DEC * - Peripheral Independent of the Core in Microchip microcontrollers, also known as CIP - Core Independent Peripheral.

Microcontrollers in switching power supplies
Part 1

Looking ahead, I would like to note that the purpose of this article is not to discuss the advantages or disadvantages of control methods, as well as recommendations for choosing optimal topologies for building Pulsed Power Sources (IIPS) and calculating circuit elements - there are tons of specialized literature for this.

The purpose of the article is to show the fundamental possibility of implementing most topologies of SMPS on the universal periphery of Microchip microcontrollers, to demonstrate the advantages of microcontroller solutions in flexibility and versatility regarding specialized “analog” PWM controllers and ASIC for SMPS.

Below, we will consider solutions based on microcontrollers, but such solutions cannot be called “digital” sources, since the feedback loop is still closed via analog blocks and the PWM signal parameters are generated by the hardware feedback loop, and are not calculated by the processor core. For fully digital solutions, Microchip produces specialized 16-bit digital signal controllers (of the dsPIC33 GS-series series) [1].

What is the IIP made of?

The heart of a switching power supply is a PWM controller. The block diagram of one of the variants of the specialized PWM controller is shown in Figure 1.

Fig.1. The structure of a specialized power supply driver chip.

The main element of the circuit is the SR flip-flop, which controls the output stage of switching on the power switch.

The trigger is triggered by clock signals (input S, Set). The reset (input R, Reset) is controlled by the signals of the comparator C1, the reference signal for which is generated by the operational amplifier of the error signal A1. The trigger output controls the output keys, the control of which can be blocked by overvoltage signals (comparator C2), blanking, etc.

If it is necessary to control this or similar circuit from the outside (changing and measuring parameters, soft start, etc.), external control solutions, such as a microcontroller or control logic, must be used.

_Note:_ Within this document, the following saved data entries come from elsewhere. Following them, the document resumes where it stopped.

lemma reach_imp_induced_path:
  assumes "(x, y) \<in> reach V E"
  obtains ps where "ps \<noteq> []" "hd ps = x" "last ps = y" "set ps \<subseteq> V" "induced_path E ps"
proof -
  let ?P = "\<lambda>ps. ps \<noteq> [] \<and> successively E ps \<and> hd ps = x \<and> last ps = y \<and> set ps \<subseteq> V"
  have "\<exists>ps. ?P ps" using assms rtrancl_imp_walk[of x y V E] by (auto simp: reach_def)
  then obtain ps where P: "?P ps" and min: "\<And>qs. ?P qs \<Longrightarrow> length ps \<le> length qs"
    using ex_has_least_nat[where P = ?P and m = length] by blast
  \<comment> \<open>cutting out ps ! i .. ps ! (j - 1) would give a shorter walk\<close>
  have no_shortcut: False
    if "i < j" "j < length ps" "0 < i \<Longrightarrow> E (ps ! (i - 1)) (ps ! j)" "i = 0 \<Longrightarrow> ps ! j = ps ! 0"
    for i j
  proof -
    let ?qs = "take i ps @ drop j ps"
    have "successively E ?qs" using successively_take_drop[of E ps i j] P that by simp
    moreover have "hd ?qs = hd ps"
    proof (cases "i = 0")
      case True
      then have "hd ?qs = ps ! j" using that by (simp add: hd_drop_conv_nth)
      then show ?thesis using True that P by (auto simp: hd_conv_nth)
    next
      case False
      then show ?thesis using that P by (simp add: hd_append)
    qed
    moreover have "set ?qs \<subseteq> V" using P set_take_subset set_drop_subset by fastforce
    ultimately have "?P ?qs" using that P by auto
    then show False using min[of ?qs] that by simp
  qed
  have "distinct ps"
  proof (rule ccontr)
    assume "\<not> distinct ps"
    then obtain i j where "i < j" "j < length ps" "ps ! i = ps ! j"
      by (metis distinct_conv_nth linorder_neqE_nat)
    then show False
      using no_shortcut[of i j] successively_nth[of E ps "i - 1"] P by fastforce
  qed
  moreover have "\<not> E (ps ! i) (ps ! j)" if "Suc i < j" "j < length ps" for i j
    using no_shortcut[of "Suc i" j] that by auto
  ultimately show ?thesis using that P by (auto simp: induced_path_def)
qed

subsection \<open>Forbidden subgraphs of the complement\<close>

lemma complement_not_dh_of_induced_P5:
  assumes sym: "symp E"
    and V: "a \<in> V" "b \<in> V" "c \<in> V" "d \<in> V" "e \<in> V"
    and dist: "distinct [a, b, c, d, e]"
    and edges: "E a b" "E b c" "E c d" "E d e"
    and non_edges: "\<not> E a c" "\<not> E a d" "\<not> E a e" "\<not> E b d" "\<not> E b e" "\<not> E c e"
  shows "\<not> distance_hereditary V (complement V E)"
proof -
  have U: "{0..<5::nat} = {0, 1, 2, 3, 4}" by auto
  have Es: "E x y \<longleftrightarrow> E y x" for x y using sym by (blast dest: sympD)
  \<comment> \<open>the complement of the path a b c d e is the house with cycle a c e b d and chord a e\<close>
  have "has_induced V (complement V E) {0..<5} house_edge"
    unfolding has_induced_def
    by (rule exI[of _ "\<lambda>i. [a, c, e, b, d] ! i"])
      (use V dist edges non_edges in \<open>auto simp: U inj_on_def house_edge_def cycle_edge_def
        complement_def Es doubleton_eq_iff\<close>)
  then show ?thesis unfolding distance_hereditary_def by blast
qed

lemma complement_not_dh_of_induced_P4_K1:
  assumes sym: "symp E"
    and V: "a \<in> V" "b \<in> V" "c \<in> V" "d \<in> V" "e \<in> V"
    and dist: "distinct [a, b, c, d, e]"
    and edges: "E a b" "E b c" "E c d"
    and non_edges: "\<not> E a c" "\<not> E a d" "\<not> E b d" "\<not> E a e" "\<not> E b e" "\<not> E c e" "\<not> E d e"
  shows "\<not> distance_hereditary V (complement V E)"
proof -
  have U: "{0..<5::nat} = {0, 1, 2, 3, 4}" by auto
  have Es: "E x y \<longleftrightarrow> E y x" for x y using sym by (blast dest: sympD)
  \<comment> \<open>the complement of the path a b c d is the path b d a c, and e becomes universal\<close>
  have "has_induced V (complement V E) {0..<5} gem_edge"
    unfolding has_induced_def
    by (rule exI[of _ "\<lambda>i. [b, d, a, c, e] ! i"])
      (use V dist edges non_edges in \<open>auto simp: U inj_on_def gem_edge_def
        complement_def Es doubleton_eq_iff\<close>)
  then show ?thesis unfolding distance_hereditary_def by blast
qed
definition hweight :: "nat \<Rightarrow> (nat \<Rightarrow> 'a::zero) \<Rightarrow> nat" where
  "hweight n c = card {i. i < n \<and> c i \<noteq> 0}"

definition code_dim :: "(nat \<Rightarrow> 'a::field) set \<Rightarrow> nat" where
  "code_dim C = fvs.dim C"

definition min_dist :: "nat \<Rightarrow> (nat \<Rightarrow> 'a::field) set \<Rightarrow> nat" where
  "min_dist n C = Min {hweight n c | c. c \<in> C \<and> c \<noteq> 0}"

definition griesmer :: "nat \<Rightarrow> nat \<Rightarrow> nat \<Rightarrow> int" where
  "griesmer q k d = (\<Sum>i<k. \<lceil>real d / real q ^ i\<rceil>)"

definition griesmer_defect :: "('a::{finite,field} ^ 'n) list \<Rightarrow> int" where
  "griesmer_defect cs =
     int (length cs) - griesmer CARD('a) (code_dim (gen_code cs)) (min_dist (length cs) (gen_code cs))"

end

theory Submission
  imports Defs
begin

(* Write q = |F|, k = dim F^k, theta_u = (q^u - 1)/(q - 1) and E for the union of U_1, ..., U_h.
  Since E is the disjoint union of U_0 and the sets U_i - U_0, and every vector outside E is
  a nonzero multiple of exactly one column, (q - 1) n = q^k - |E|, that is
  n = theta_k + (h - 1) theta_{u_0} - sum_i theta_{u_i}.
  For m <> 0 the vectors outside E not orthogonal to m are (q - 1) wt(m G) many, while the
  non-orthogonal vectors of U_i number at most (q - 1) q^(u_i - 1).  Hence
  wt(m G) >= q^(k-1) - T with T = sum_i q^(u_i - 1), and the size hypothesis on E makes every
  weight positive, so the code has dimension k.  From d >= q^(k-1) - T we get
  ceil(d/q^i) >= q^(k-1-i) - floor(T/q^i), so the defect is at most
  (h - 1) theta_{u_0} - sum_i theta_{u_i} + sum_{i<k} floor(T/q^i).
  If fewer than q of the u_i are equal, T is written in base q without carries and the last sum
  equals sum_i theta_{u_i}; if all u_i equal u, T = h q^(u-1) and it equals
  h theta_u + sum_{i=1}^{k-u} floor(h/q^i). *)

definition theta :: "nat \<Rightarrow> nat \<Rightarrow> nat" where
  "theta q u = (\<Sum>i<u. q ^ i)"

lemma theta_int: "(int q - 1) * int (theta q u) = int q ^ u - 1"
proof (induction u)
  case (Suc u)
  then show ?case by (simp add: theta_def algebra_simps)
qed (simp add: theta_def)

lemma theta_real: "q \<ge> 2 \<Longrightarrow> real (theta q u) = (real q ^ u - 1) / (real q - 1)"
  using arg_cong[OF theta_int[of q u], of real_of_int] by (simp add: field_simps)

So, to build a managed intelligent power source, we need to have a PWM controller chip and a microcontroller, or we can combine it — on the basis of a microcontroller, to make a PWM controller for an energy converter.

SPS Topologies

Topology is the connection of inductance, capacitor, switching circuit elements to ensure energy conversion, the ratio of input and output parameters.

scheme	description
	boosting
	downward
	Sepic

Fig. 2 Basic topologies of SMPS.

The principle of control of the power key in the most commonly used topologies of the SMPS is in general the same (see Figure 2). The duty ratio of the opening of the power switch the relationship between the "open" and "closed" states. The duty cycle is controlled either depending on the output voltage (voltage control, voltage-mode control), or depending on the current in the power inductance (current control, current-mode control).

In each of the two modes, control can be hysteresis (Hysteretic Control) or proportional (Proportional Control). In hysteresis control, the pulse duty cycle is fixed, and the output voltage is adjusted by turning on or off the supply of control pulses of the power switch.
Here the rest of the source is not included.